- Born: Peter Lucas December 16, 1950 (age 75)
- Died: 16 December 2023 (aged 73) Bowerchalke, England, UK
- Genres: Pop, rock
- Instruments: Bass; guitar; vocals;
- Years active: 1970s–2022
- Formerly of: Dave Dee, Dozy, Beaky, Mick & Tich, The Troggs

= Pete Lucas =

Peter Lucas (16 December 1950 – 16 December 2023) was a British bass guitarist, who was the bassist for The Troggs from 1984 to 2022, and "Mick" in Dave Dee, Dozy, Beaky, Mick & Tich from 1976 to 1982.

== Biography ==
===Career===
In the 1970s, Lucas was in a band called "Tracker" with Ian Amey and Trevor Ward-Davies, who were "Tich" and "Dozy" in Dave Dee, Dozy, Beaky, Mick & Tich.
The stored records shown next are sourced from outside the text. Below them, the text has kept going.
text \<open>
  Since \<open>s \<equiv> 1 (mod p - 1)\<close>, the power map satisfies \<open>f (c x) = c f x\<close> for every \<open>c\<close> in
  the prime field, hence so does \<open>x \<mapsto> a x + f x\<close>; the trace then takes each nonzero value of
  \<open>F\<^sub>p\<close> equally often, and the Fourier coefficient at \<open>a\<close> collapses to the integer
  \<open>N\<^sub>0(a) - N\<^sub>1(a)\<close>, where \<open>N\<^sub>c(a)\<close> counts the \<open>x\<close> with \<open>Tr (a x + x\<^sup>s) = c\<close>.
  So it suffices that \<open>l\<close> divides \<open>N\<^sub>0(1) - N\<^sub>1(1)\<close>. The Frobenius \<open>x \<mapsto> x\<^sup>p\<close>
  permutes these level sets and its order divides \<open>[L : F\<^sub>p] = l\<^sup>k\<close>, so modulo \<open>l\<close>
  each count equals the number of its fixed points, i.e. of \<open>x \<in> F\<^sub>p\<close> with
  \<open>2 [L : F\<^sub>p] x = c\<close>: one for each \<open>c\<close> if \<open>2 [L : F\<^sub>p] \<noteq> 0\<close> in \<open>F\<^sub>p\<close>, and otherwise
  \<open>p = l\<close> and the counts are \<open>p\<close> and \<open>0\<close>.
\<close>

section \<open>The prime field\<close>

lemma frobenius_diff:
  "((x::'a::finite_field) - y) ^ CHAR('a) = x ^ CHAR('a) - y ^ CHAR('a)"
  using freshmans_dream[where x=x and y="-y"] minus_power_prime_CHAR[where x=y] by simp

definition prime_subfield :: "'a::finite_field set" where
  "prime_subfield = {c. c ^ CHAR('a) = c}"

lemma of_nat_in_prime_subfield: "(of_nat j :: 'a::finite_field) \<in> prime_subfield"
proof (induction j)
  case (Suc j)
  then show ?case by (simp add: prime_subfield_def freshmans_dream add.commute[of 1])
qed (simp add: prime_subfield_def)

lemma zero_in_prime_subfield: "0 \<in> prime_subfield"
  and one_in_prime_subfield: "1 \<in> prime_subfield"
  using of_nat_in_prime_subfield[of 0] of_nat_in_prime_subfield[of 1] by simp_all

lemma prime_subfield_add: "c \<in> prime_subfield \<Longrightarrow> d \<in> prime_subfield \<Longrightarrow> c + d \<in> prime_subfield"
  and prime_subfield_diff: "c \<in> prime_subfield \<Longrightarrow> d \<in> prime_subfield \<Longrightarrow> c - d \<in> prime_subfield"
  and prime_subfield_mult: "c \<in> prime_subfield \<Longrightarrow> d \<in> prime_subfield \<Longrightarrow> c * d \<in> prime_subfield"
  and prime_subfield_inverse: "c \<in> prime_subfield \<Longrightarrow> inverse c \<in> prime_subfield"
  for c d :: "'a::finite_field"
  by (simp_all add: prime_subfield_def freshmans_dream frobenius_diff power_mult_distrib power_inverse)

lemma prime_subfield_power_CHAR_power:
  "c \<in> prime_subfield \<Longrightarrow> (c::'a::finite_field) ^ (CHAR('a) ^ i) = c"
  by (induction i) (simp_all add: prime_subfield_def power_mult)

lemma card_prime_subfield_le: "card (prime_subfield :: 'a::finite_field set) \<le> CHAR('a)"
proof -
  define P :: "'a poly" where "P = monom 1 CHAR('a) + [:0, -1:]"
  have "CHAR('a) \<ge> 2" using prime_ge_2_nat by simp
  then have deg: "degree P = CHAR('a)"
    unfolding P_def by (subst degree_add_eq_left) (simp_all add: degree_monom_eq)
  then have "P \<noteq> 0" by auto
  moreover have "{x. poly P x = 0} = prime_subfield"
    by (auto simp: P_def prime_subfield_def poly_monom)
  ultimately show ?thesis using card_poly_roots_bound[of P] deg by simp
qed

lemma prime_subfield_eq_of_nat_image:
  "(prime_subfield :: 'a::finite_field set) = of_nat ` {..<CHAR('a)}"
  and card_prime_subfield: "card (prime_subfield :: 'a::finite_field set) = CHAR('a)"
proof -
  have "inj_on (of_nat :: nat \<Rightarrow> 'a) {..<CHAR('a)}"
    by (auto simp: inj_on_def of_nat_eq_iff_cong_CHAR cong_def)
  then have card_range: "card (of_nat ` {..<CHAR('a)} :: 'a set) = CHAR('a)"
    by (simp add: card_image)
  have "of_nat ` {..<CHAR('a)} = (prime_subfield :: 'a set)"
    using of_nat_in_prime_subfield card_prime_subfield_le[where 'a='a] card_range
    by (intro card_seteq) auto
  then show eq: "(prime_subfield :: 'a set) = of_nat ` {..<CHAR('a)}" ..
  show "card (prime_subfield :: 'a set) = CHAR('a)" using card_range by (simp add: eq)
qed

definition prime_subspace :: "'a::finite_field set \<Rightarrow> bool" where
  "prime_subspace S \<longleftrightarrow> 0 \<in> S \<and> (\<forall>x\<in>S. \<forall>y\<in>S. x + y \<in> S) \<and> (\<forall>c\<in>prime_subfield. \<forall>x\<in>S. c * x \<in> S)"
In 1976, the lineup of Tracker was arranged to be the new DDDBMT. Lucas became the new "Mick", which changed the usual name/instrument correlation, as originally, "Mick" was the drummer, and "Beaky" was the guitarist, but this was now inversed with Lucas as "Mick" on guitar. Lucas left DDDBMT in 1982, and two years later, joined The Troggs on bass.

===Death===
Lucas retired in 2022. Soon after, he was diagnosed with cancer, and spent most of his time in treatment at Salisbury Hospital, but was eventually allowed to return home to Bowerchalke, where he had lived since 1981.

Lucas died on 16 December 2023, his 73rd birthday. He was survived by his wife Cate and their son. His funeral was held at Salisbury Crematorium on 18 January 2024.